Task item
Where the string "level" appears in a line of the material below, copy that line.

Data records
(* Let $M\in\mathbb{R}^{n\times n}$ be symmetric with eigenvalues ordered so that $|\lambda_1|\ge|\lambda_2|\ge\cdots$, where $\lambda=\lambda_1>0$ and $\lambda_1>|\lambda_2|$. Let $u$ be the unit leading eigenvector, $l_2=|\lambda_2|/\lambda$, and $0<\theta\le\frac1{40}(1-l_2)^{3/2}$. Let $\{S^{(\ell)}\}_{\ell\ge1}$ be i.i.d. random $n\times n$ matrices such that: - $\mathbb{E}[S^{(\ell)}]=M$; - $\|S^{(\ell)}-M\|_2\le\theta\|M\|_2$; - $S^{(\ell)}$ is almost surely non-singular; - no proper subspace $V$ satisfies $S^{(\ell)}V\subseteq V$ almost surely. Define $\mathsf G=\{\mathbf x\in\mathsf P_n: d(\mathbf x,\mathbf u)\le 2\theta/(1-l_2)\}$, where $\mathbf u$ is the class of $u$. Then: 1. For any $\mathbf x\in\mathsf G$, $S^{(\ell)}\mathbf x\in\mathsf G$. 2. With $\rho\equiv1-\frac45(1-l_2)\in(0,1)$, for any $\mathbf x\ne\mathbf y\in\mathsf G$, $$\mathbb{E}\,d(S^{(\ell)}\mathbf x,S^{(\ell)}\mathbf y)\le\rho\,d(\mathbf x,\mathbf y).$$
   Context: $\mathsf P_n$ is the projective space (unit vectors of $\mathbb{R}^n$ modulo sign), with metric $d(\mathbf x,\mathbf y)=\sqrt{1-\langle x,y\rangle^2}$ for unit representatives $x,y$. An invertible matrix $S$ acts on $\mathsf P_n$ by mapping the class of $x$ to the class of $Sx/\|Sx\|$. $\|\cdot\|_2$ is the operator norm. *)

theory Defs
  imports "HOL-Analysis.Analysis" "HOL-Probability.Probability"
begin

text \<open>Points of the projective space P_n are represented by unit vectors of R^n;
  a unit vector and its negative represent the same point.\<close>

definition proj_pt :: "real^'n \<Rightarrow> bool" where
  "proj_pt x \<longleftrightarrow> norm x = 1"

definition proj_dist :: "real^'n \<Rightarrow> real^'n \<Rightarrow> real" where
  "proj_dist x y = sqrt (1 - (x \<bullet> y)^2)"

definition proj_act :: "real^'n^'n \<Rightarrow> real^'n \<Rightarrow> real^'n" where
  "proj_act S x = (1 / norm (S *v x)) *\<^sub>R (S *v x)"

definition op_norm2 :: "real^'n^'n \<Rightarrow> real" where
  "op_norm2 A = onorm (\<lambda>x. A *v x)"

end

theory Submission
  imports Defs
begin

text \<open>
  For unit vectors the projective distance is the length of the rejection of one vector from
  the other, and \<open>d(Sx/|Sx|, Sy/|Sy|) = |rej(Sx, Sy)| / |Sx|\<close>. Write \<open>\<kappa> = |\<lambda>\<^sub>2|/\<lambda>\<close>
  and \<open>r = 2\<theta>/(1 - \<kappa>)\<close>. If \<open>d(x,u) \<le> r\<close>, then \<open>Sx\<close> has a component of size at least
  \<open>\<lambda>(1 - r\<^sup>2 - \<theta>)\<close> along \<open>u\<close> and at most \<open>\<lambda>(\<kappa> r + \<theta>)\<close> orthogonal to it, because \<open>M\<close>
  shrinks \<open>u\<^sup>\<bottom>\<close> by \<open>\<kappa>\<close> and \<open>S - M\<close> costs at most \<open>\<theta>\<lambda>\<close>; this keeps the ball \<open>G\<close>
  invariant. For the contraction write \<open>x = w + \<langle>x,y\<rangle> y\<close> with \<open>w \<bottom> y\<close> and \<open>|w| = d(x,y)\<close>:
  the rejection of \<open>Sx\<close> from \<open>Sy\<close> equals that of \<open>Sw\<close>, and since \<open>y\<close> is close to \<open>u\<close>, the
  component of \<open>w\<close> along \<open>u\<close> is only \<open>O(r |w|)\<close>, so \<open>Sw\<close> is essentially \<open>(S - M) w\<close> plus
  \<open>M\<close> applied to a vector in \<open>u\<^sup>\<bottom>\<close>.

  The bounds hold for every matrix with \<open>\<parallel>S - M\<parallel>\<^sub>2 \<le> \<theta> \<parallel>M\<parallel>\<^sub>2\<close>, so only this almost sure
  bound is used.
\<close>

section \<open>Rejection and the projective distance\<close>

definition reject :: "'a::real_inner \<Rightarrow> 'a \<Rightarrow> 'a" where
  "reject a b = a - ((a \<bullet> b) / (norm b)\<^sup>2) *\<^sub>R b"

lemma reject_unit: "norm b = 1 \<Longrightarrow> reject a b = a - (a \<bullet> b) *\<^sub>R b"
  by (simp add: reject_def)

lemma reject_orthogonal: "reject a b \<bullet> b = 0"
  by (cases "b = 0") (simp_all add: reject_def inner_diff_left dot_square_norm)

lemma reject_add: "reject (a + c) b = reject a b + reject c b"
  by (simp add: reject_def inner_add_left add_divide_distrib scaleR_add_left)

lemma reject_scaleR: "reject (t *\<^sub>R a) b = t *\<^sub>R reject a b"
  by (simp add: reject_def scaleR_diff_right)
(* Let $(P,e)$, $P\in\mathcal{T}_k$, be a tree pattern, and let $X,Y,Y'\subseteq[k]$ be defined with respect to $(P,e)$ as below. Let $i\in X\cup Y\cup Y'$ be a non-root vertex of $P$ with $e(i)=0$, and define $e'\colon[k]\setminus\{r(P)\}\to\{0,1\}$ by $e'(i)=1$ and $e'(j)=e(j)$ for all $j\ne i$. Then $\mathcal{T}_n(P,e)=\mathcal{T}_n(P,e')$ for all $n\ge0$.
   Context: $\mathcal{T}_n$ is the set of binary trees on $n$ vertices labeled $1,\dots,n$ by the search tree property (left-subtree vertices of $i$ smaller than $i$, right-subtree vertices larger). $c_L(i),c_R(i),p(i)$: left child, right child, parent ($\varepsilon$ if nonexistent); $c_L^\ell,c_R^\ell$ denote iterates; $r(T)$ root; $L(i),R(i)$ subtrees rooted at $c_L(i),c_R(i)$. A tree pattern is $(P,e)$, $P\in\mathcal{T}_k$, $e\colon[k]\setminus\{r(P)\}\to\{0,1\}$ ($e(i)=1$: edge $(i,p(i))$ contiguous; $e(i)=0$: non-contiguous). $T\in\mathcal{T}_n$ contains $(P,e)$ if there is an injection $f\colon[k]\to[n]$ such that for every non-root $i$ of $P$: if $e(i)=1$, $f(i)$ is the left (resp. right) child of $f(p(i))$ when $i$ is the left (resp. right) child of $p(i)$; if $e(i)=0$, $f(i)\in L(f(p(i)))$ (resp. $R(f(p(i)))$) accordingly. $\mathcal{T}_n(P,e)$ is the set of $T\in\mathcal{T}_n$ avoiding $(P,e)$. For $i\in[k]$: $B_L'(i)=\{c_L^\ell(i):\ell\ge0,\ c_L^\ell(i)\text{ exists, and } e(c_L^j(i))=1\text{ for } j=1,\dots,\ell\}$; $A_R(i)=\{a\in[k]: i=c_R^\ell(a)\text{ for some }\ell\ge0\text{ with } e(c_R^j(a))=1\text{ for } j=1,\dots,\ell\}$, and $a_R(i)$ is the topmost (closest to the root) vertex of $A_R(i)$. $B_R'(i)$, $A_L(i)$, $a_L(i)$ are defined in the same way with left and right interchanged. Then $X=\{i: c_L(i)=\varepsilon\text{ and } c_R(i)=\varepsilon\}$ (the leaves); $Y$ is the set of $i$ such that: $c_L(i)\ne\varepsilon$; $i=c_R(p(i))$; $A_R(p(i))=\{p(i)\}$ or $B_L'(i)=\{i\}$; $c_L(j)=\varepsilon$ for all $j\in A_R(p(i))$; $c_R(j)=\varepsilon$ for all $j\in B_L'(i)$; and $a_R(p(i))=r(P)$ or $e(a_R(p(i)))=0$; $Y'$ is the set of $i$ such that: $c_R(i)\ne\varepsilon$; $i=c_L(p(i))$; $A_L(p(i))=\{p(i)\}$ or $B_R'(i)=\{i\}$; $c_R(j)=\varepsilon$ for all $j\in A_L(p(i))$; $c_L(j)=\varepsilon$ for all $j\in B_R'(i)$; and $a_L(p(i))=r(P)$ or $e(a_L(p(i)))=0$. *)

theory Defs
  imports Main "HOL-Library.Tree"
begin

text \<open>Binary trees are HOL-Library trees with natural-number labels. A tree on n
vertices labelled by the search tree property is exactly a tree whose in-order
traversal is the list 1,...,n.\<close>

definition search_trees :: "nat \<Rightarrow> nat tree set" where
  "search_trees n = {t. inorder t = [1..<n+1]}"

fun find :: "nat tree \<Rightarrow> nat \<Rightarrow> nat tree" where
  "find Leaf i = Leaf"
| "find (Node l a r) i =
     (if a = i then Node l a r else if find l i \<noteq> Leaf then find l i else find r i)"

fun root_of :: "nat tree \<Rightarrow> nat option" where
  "root_of Leaf = None"
| "root_of (Node l a r) = Some a"

definition lc :: "nat tree \<Rightarrow> nat \<Rightarrow> nat option" where
  "lc t i = (case find t i of Leaf \<Rightarrow> None | Node l _ _ \<Rightarrow> root_of l)"

definition rc :: "nat tree \<Rightarrow> nat \<Rightarrow> nat option" where
  "rc t i = (case find t i of Leaf \<Rightarrow> None | Node _ _ r \<Rightarrow> root_of r)"

definition Lsub :: "nat tree \<Rightarrow> nat \<Rightarrow> nat set" where
  "Lsub t i = (case find t i of Leaf \<Rightarrow> {} | Node l _ _ \<Rightarrow> set_tree l)"

definition Rsub :: "nat tree \<Rightarrow> nat \<Rightarrow> nat set" where
  "Rsub t i = (case find t i of Leaf \<Rightarrow> {} | Node _ _ r \<Rightarrow> set_tree r)"

definition par :: "nat tree \<Rightarrow> nat \<Rightarrow> nat option" where
  "par t i = (if \<exists>p. lc t p = Some i \<or> rc t p = Some i
              then Some (SOME p. lc t p = Some i \<or> rc t p = Some i) else None)"

fun lcit :: "nat tree \<Rightarrow> nat \<Rightarrow> nat \<Rightarrow> nat option" where
  "lcit t i 0 = Some i"
| "lcit t i (Suc l) = (case lcit t i l of None \<Rightarrow> None | Some j \<Rightarrow> lc t j)"

fun rcit :: "nat tree \<Rightarrow> nat \<Rightarrow> nat \<Rightarrow> nat option" where
  "rcit t i 0 = Some i"
| "rcit t i (Suc l) = (case rcit t i l of None \<Rightarrow> None | Some j \<Rightarrow> rc t j)"

text \<open>Tree patterns: a tree P and e :: nat => bool (True = contiguous edge);
only the values of e on non-root vertices of P are relevant.\<close>
definition contains :: "nat tree \<Rightarrow> nat tree \<Rightarrow> (nat \<Rightarrow> bool) \<Rightarrow> bool" where
  "contains T P e \<longleftrightarrow> (\<exists>f. inj_on f (set_tree P) \<and> f ` set_tree P \<subseteq> set_tree T \<and>
     (\<forall>j\<in>set_tree P. \<forall>p. 
        (lc P p = Some j \<longrightarrow>
           (if e j then lc T (f p) = Some (f j) else f j \<in> Lsub T (f p))) \<and>
        (rc P p = Some j \<longrightarrow>
           (if e j then rc T (f p) = Some (f j) else f j \<in> Rsub T (f p)))))"

definition avoiders :: "nat \<Rightarrow> nat tree \<Rightarrow> (nat \<Rightarrow> bool) \<Rightarrow> nat tree set" where
  "avoiders n P e = {T \<in> search_trees n. \<not> contains T P e}"

definition BL' :: "nat tree \<Rightarrow> (nat \<Rightarrow> bool) \<Rightarrow> nat \<Rightarrow> nat set" where
  "BL' P e i = {j. \<exists>l. lcit P i l = Some j \<and> (\<forall>m\<in>{1..l}. e (the (lcit P i m)))}"

definition BR' :: "nat tree \<Rightarrow> (nat \<Rightarrow> bool) \<Rightarrow> nat \<Rightarrow> nat set" where
  "BR' P e i = {j. \<exists>l. rcit P i l = Some j \<and> (\<forall>m\<in>{1..l}. e (the (rcit P i m)))}"

definition AR :: "nat tree \<Rightarrow> (nat \<Rightarrow> bool) \<Rightarrow> nat \<Rightarrow> nat set" where
  "AR P e i = {a \<in> set_tree P. \<exists>l. rcit P a l = Some i \<and> (\<forall>m\<in>{1..l}. e (the (rcit P a m)))}"

definition AL :: "nat tree \<Rightarrow> (nat \<Rightarrow> bool) \<Rightarrow> nat \<Rightarrow> nat set" where
  "AL P e i = {a \<in> set_tree P. \<exists>l. lcit P a l = Some i \<and> (\<forall>m\<in>{1..l}. e (the (lcit P a m)))}"

definition depth :: "nat tree \<Rightarrow> nat \<Rightarrow> nat" where
  "depth t a = card {b \<in> set_tree t. b \<noteq> a \<and> a \<in> set_tree (find t b)}"

definition aR :: "nat tree \<Rightarrow> (nat \<Rightarrow> bool) \<Rightarrow> nat \<Rightarrow> nat" where
  "aR P e i = (ARG_MIN (depth P) a. a \<in> AR P e i)"

definition aL :: "nat tree \<Rightarrow> (nat \<Rightarrow> bool) \<Rightarrow> nat \<Rightarrow> nat" where
  "aL P e i = (ARG_MIN (depth P) a. a \<in> AL P e i)"

definition Xset :: "nat tree \<Rightarrow> nat set" where
  "Xset P = {i \<in> set_tree P. lc P i = None \<and> rc P i = None}"

definition Yset :: "nat tree \<Rightarrow> (nat \<Rightarrow> bool) \<Rightarrow> nat set" where
  "Yset P e = {i \<in> set_tree P. lc P i \<noteq> None \<and>
     (\<exists>p. par P i = Some p \<and> rc P p = Some i \<and>
        (AR P e p = {p} \<or> BL' P e i = {i}) \<and>
        (\<forall>j\<in>AR P e p. lc P j = None) \<and>
        (\<forall>j\<in>BL' P e i. rc P j = None) \<and>
        (Some (aR P e p) = root_of P \<or> \<not> e (aR P e p)))}"

definition Y'set :: "nat tree \<Rightarrow> (nat \<Rightarrow> bool) \<Rightarrow> nat set" where
  "Y'set P e = {i \<in> set_tree P. rc P i \<noteq> None \<and>
     (\<exists>p. par P i = Some p \<and> lc P p = Some i \<and>
        (AL P e p = {p} \<or> BR' P e i = {i}) \<and>
        (\<forall>j\<in>AL P e p. rc P j = None) \<and>
        (\<forall>j\<in>BR' P e i. lc P j = None) \<and>
        (Some (aL P e p) = root_of P \<or> \<not> e (aL P e p)))}"

end

theory Submission
  imports Defs
begin

text \<open>
In trees with distinct labels a map satisfying the edge conditions of an occurrence is
automatically injective, so it suffices to turn such a map \<open>f\<close> for \<open>(P, e)\<close> into one for
\<open>(P, e')\<close>. If \<open>i\<close> is a leaf and the right child of \<open>q\<close>, re-map \<open>i\<close> to the right child of
\<open>f q\<close>. If \<open>i \<in> Y\<close> has parent \<open>p\<close>, then \<open>f i\<close> lies in the subtree of the right child \<open>y\<close>
of \<open>f p\<close>, and \<open>f\<close> is modified until \<open>f i = y\<close>. If \<open>A\<^sub>R(p) = {p}\<close> and \<open>f i\<close> is a left
child, lift the contiguous left chain \<open>B\<^sub>L'(i)\<close> by one level; if \<open>f i\<close> is the right child
of \<open>w\<close>, re-map \<open>p\<close> to \<open>w\<close>. If \<open>B\<^sub>L'(i) = {i}\<close> and \<open>f i\<close> lies left of \<open>y\<close>, re-map \<open>i\<close>
to \<open>y\<close>; if it lies right of \<open>y\<close>, lower the contiguous right chain \<open>A\<^sub>R(p)\<close> by one level.
Leaves that are left children and the set \<open>Y'\<close> are the mirror images of these cases; this
symmetry is why everything is proved for trees with distinct labels, a class closed under
mirroring.
\<close>

lemma find_eq_Leaf_iff: "find t x = Leaf \<longleftrightarrow> x \<notin> set_tree t"
  by (induction t) auto
(* Let $S_1,\dots,S_m\subseteq\mathbb{F}_q$ with $\#S_1=\cdots=\#S_m=s$, and let $X_1^{i_1}X_2^{i_2}\cdots X_m^{i_m}\in\Delta(s,\dots,s)$ with $i_1\le i_2$. Let $$L_1=\{N\in\Delta(s,\dots,s)\mid N\preceq_{\deg}X_1^{i_1}X_2^{i_2}X_3^{i_3}\cdots X_m^{i_m}\},\quad L_2=\{N\in\Delta(s,\dots,s)\mid N\prec_{\deg}X_1^{i_2}X_2^{i_1}X_3^{i_3}\cdots X_m^{i_m}\}.$$ Then $C(L_1)$, $C(L_2)$ have length $n=s^m$ and codimension $\ell=i_2-i_1+1$, and $$M_1(C(L_1),C(L_2))=(s-i_1)\cdots(s-i_m),\qquad M_1(C(L_2)^\perp,C(L_1)^\perp)\ge(i_1+1)\cdots(i_m+1).$$ Moreover, letting $T=\{X_1^{i_2-w}X_2^{i_1+w}X_3^{i_3}\cdots X_m^{i_m}\mid w=0,\dots,i_2-i_1\}$, for $v=2,\dots,\ell$: $$M_v(C(L_1),C(L_2))=\min\{D(K)\mid K\subseteq T,\ \#K=v\},\qquad M_v(C(L_2)^\perp,C(L_1)^\perp)\ge\min\{D^\perp(K)\mid K\subseteq T,\ \#K=v\}.$$
   Context: $q$ is a prime power. $S=S_1\times\cdots\times S_m=\{\alpha_1,\dots,\alpha_n\}$, $n=s^m$. $\Delta(s,\dots,s)=\{X_1^{a_1}\cdots X_m^{a_m}\mid 0\le a_t<s\}$. For $L\subseteq\Delta(s,\dots,s)$, $C(L)\subseteq\mathbb{F}_q^n$ is the span of $(N(\alpha_1),\dots,N(\alpha_n))$, $N\in L$; $C^\perp$ is the Euclidean dual. $\prec_{\deg}$ is the degree lexicographic ordering: $X_1^{a_1}\cdots X_m^{a_m}\prec_{\deg}X_1^{b_1}\cdots X_m^{b_m}$ iff either $\sum a_t<\sum b_t$, or $\sum a_t=\sum b_t$ and the rightmost nonzero entry of $(b_1-a_1,\dots,b_m-a_m)$ is positive. For $K\subseteq\Delta(s,\dots,s)$: $D(K)=\#\{N\in\Delta(s,\dots,s)\mid N$ is divisible by some $M\in K\}$, $D^\perp(K)=\#\{N\in\Delta(s,\dots,s)\mid N$ divides some $M\in K\}$. For linear codes $C_2\subsetneq C_1\subseteq\mathbb{F}_q^n$ and $1\le v\le\dim C_1-\dim C_2$, $M_v(C_1,C_2)=\min\{\#\mathrm{Supp}\,U\mid U\subseteq C_1\text{ subspace},\ \dim U=v,\ U\cap C_2=\{\vec0\}\}$, with $\mathrm{Supp}\,U$ the set of coordinates where some word of $U$ is nonzero. *)

theory Defs
  imports Complex_Main "HOL-Library.Function_Algebras" "HOL-Library.FuncSet"
begin

(* Words of length n are functions from the evaluation-point set P to F_q
   (extended by 0 outside P).  Scalar multiplication on words: *)
definition scaleF :: "'a::field \<Rightarrow> ('b \<Rightarrow> 'a) \<Rightarrow> ('b \<Rightarrow> 'a)" where
  "scaleF c f = (\<lambda>x. c * f x)"

lemma vector_space_scaleF: "vector_space (scaleF :: 'a::field \<Rightarrow> ('b \<Rightarrow> 'a) \<Rightarrow> _)"
  by unfold_locales (auto simp: scaleF_def fun_eq_iff algebra_simps)

abbreviation fdim :: "('b \<Rightarrow> 'a::field) set \<Rightarrow> nat" where
  "fdim \<equiv> vector_space.dim scaleF"

abbreviation fspan :: "('b \<Rightarrow> 'a::field) set \<Rightarrow> ('b \<Rightarrow> 'a) set" where
  "fspan \<equiv> module.span scaleF"

abbreviation fsubspace :: "('b \<Rightarrow> 'a::field) set \<Rightarrow> bool" where
  "fsubspace \<equiv> module.subspace scaleF"

(* Exponent vectors (a_1,...,a_m) are functions nat => nat, with entries
   a t for t in {1..m} and 0 elsewhere.  Delta(s,...,s): *)
definition Delta :: "nat \<Rightarrow> nat \<Rightarrow> (nat \<Rightarrow> nat) set" where
  "Delta m s = {a. (\<forall>t\<in>{1..m}. a t < s) \<and> (\<forall>t. t \<notin> {1..m} \<longrightarrow> a t = 0)}"

definition deglex_less :: "nat \<Rightarrow> (nat \<Rightarrow> nat) \<Rightarrow> (nat \<Rightarrow> nat) \<Rightarrow> bool" where
  "deglex_less m a b \<longleftrightarrow>
     (\<Sum>t=1..m. a t) < (\<Sum>t=1..m. b t) \<or>
     ((\<Sum>t=1..m. a t) = (\<Sum>t=1..m. b t) \<and>
      (\<exists>t\<in>{1..m}. a t < b t \<and> (\<forall>u\<in>{t<..m}. a u = b u)))"

definition deglex_le :: "nat \<Rightarrow> (nat \<Rightarrow> nat) \<Rightarrow> (nat \<Rightarrow> nat) \<Rightarrow> bool" where
  "deglex_le m a b \<longleftrightarrow> deglex_less m a b \<or> a = b"

definition points :: "nat \<Rightarrow> (nat \<Rightarrow> 'a set) \<Rightarrow> (nat \<Rightarrow> 'a) set" where
  "points m S = PiE {1..m} S"

definition evalmon :: "nat \<Rightarrow> (nat \<Rightarrow> 'a::field set) \<Rightarrow> (nat \<Rightarrow> nat) \<Rightarrow> ((nat \<Rightarrow> 'a) \<Rightarrow> 'a)" where
  "evalmon m S a = (\<lambda>p. if p \<in> points m S then (\<Prod>t\<in>{1..m}. p t ^ a t) else 0)"

definition evcode :: "nat \<Rightarrow> (nat \<Rightarrow> 'a::field set) \<Rightarrow> (nat \<Rightarrow> nat) set \<Rightarrow> ((nat \<Rightarrow> 'a) \<Rightarrow> 'a) set" where
  "evcode m S L = fspan (evalmon m S ` L)"

definition dualcode :: "'b set \<Rightarrow> ('b \<Rightarrow> 'a::field) set \<Rightarrow> ('b \<Rightarrow> 'a) set" where
  "dualcode P C = {y. (\<forall>p. p \<notin> P \<longrightarrow> y p = 0) \<and> (\<forall>x\<in>C. (\<Sum>p\<in>P. x p * y p) = 0)}"

definition Supp :: "('b \<Rightarrow> 'a::zero) set \<Rightarrow> 'b set" where
  "Supp U = {p. \<exists>u\<in>U. u p \<noteq> 0}"

definition RGHW :: "nat \<Rightarrow> ('b \<Rightarrow> 'a::field) set \<Rightarrow> ('b \<Rightarrow> 'a) set \<Rightarrow> nat" where
  "RGHW v C1 C2 = Min {card (Supp U) | U. fsubspace U \<and> U \<subseteq> C1 \<and> fdim U = v \<and> U \<inter> C2 = {0}}"

definition mdvd :: "(nat \<Rightarrow> nat) \<Rightarrow> (nat \<Rightarrow> nat) \<Rightarrow> bool" where
  "mdvd a b \<longleftrightarrow> (\<forall>t. a t \<le> b t)"

definition Dfoot :: "nat \<Rightarrow> nat \<Rightarrow> (nat \<Rightarrow> nat) set \<Rightarrow> nat" where
  "Dfoot m s K = card {N \<in> Delta m s. \<exists>M\<in>K. mdvd M N}"

definition Dperp :: "nat \<Rightarrow> nat \<Rightarrow> (nat \<Rightarrow> nat) set \<Rightarrow> nat" where
  "Dperp m s K = card {N \<in> Delta m s. \<exists>M\<in>K. mdvd N M}"

end

(*
  For initial segments La \<subseteq> Lb of \<Delta> under the degree lexicographic order, the evaluations of
  the monomials in \<Delta> form a basis of all words on the grid P, so C(Lb) has basis
  ev ` Lb.  Let U \<subseteq> C(Lb) meet C(La) trivially and vanish on Z = P - Supp U.  Adding the
  monomials of Lb - La one at a time, the dimension of U \<inter> C(L) can only grow at a monomial
  X^a that is the leading monomial of a polynomial vanishing on Z.  These monomials are closed
  under multiples, and their number is #P - #Z, because the footprint of the vanishing ideal of
  the grid subset Z has exactly #Z elements.  Hence D(K) \<le> #Supp U for a set K \<subseteq> Lb - La of
  size dim U; conversely the evaluations of the products of the (X_t - x_{t,j}) over t and
  j < a_t, for a \<in> K, span a subspace of support at most D(K).  The dual bound is symmetric, with divisors in place of multiples and the dual basis
  of the monomial evaluations.  In the situation of the theorem, L1 - L2 is the chain T, and for
  v = 1 the minimum over T is attained at i by an elementary product inequality.
*)

theory Submission
  imports Defs "HOL-Computational_Algebra.Polynomial"
begin

subsection \<open>The degree lexicographic order\<close>

definition expvecs :: "nat \<Rightarrow> (nat \<Rightarrow> nat) set" where
  "expvecs m = {a. \<forall>t. t \<notin> {1..m} \<longrightarrow> a t = 0}"

lemma Delta_subset_expvecs: "Delta m s \<subseteq> expvecs m"
  by (auto simp: Delta_def expvecs_def)

lemma last_difference:
  fixes a b :: "nat \<Rightarrow> nat"
  assumes "t \<in> {k..m}" "a t \<noteq> b t"
  obtains u where "u \<in> {k..m}" "a u \<noteq> b u" "\<forall>v\<in>{u<..m}. a v = b v"
proof -
  define D where "D = {u\<in>{k..m}. a u \<noteq> b u}"
  have D: "finite D" "D \<noteq> {}" using assms by (auto simp: D_def)
  define u where "u = Max D"
  have u: "u \<in> D" using D by (simp add: u_def)
  have "a v = b v" if v: "v \<in> {u<..m}" for v
  proof (rule ccontr)
    assume "a v \<noteq> b v"
    then have "v \<in> D" using v u by (auto simp: D_def)
    then have "v \<le> u" using D by (simp add: u_def)
    then show False using v by simp
  qed
  then show ?thesis using that u by (auto simp: D_def)
qed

Exercise answer
child, lift the contiguous left chain \<open>B\<^sub>L'(i)\<close> by one level; if \<open>f i\<close> is the right child
to \<open>y\<close>; if it lies right of \<open>y\<close>, lower the contiguous right chain \<open>A\<^sub>R(p)\<close> by one level.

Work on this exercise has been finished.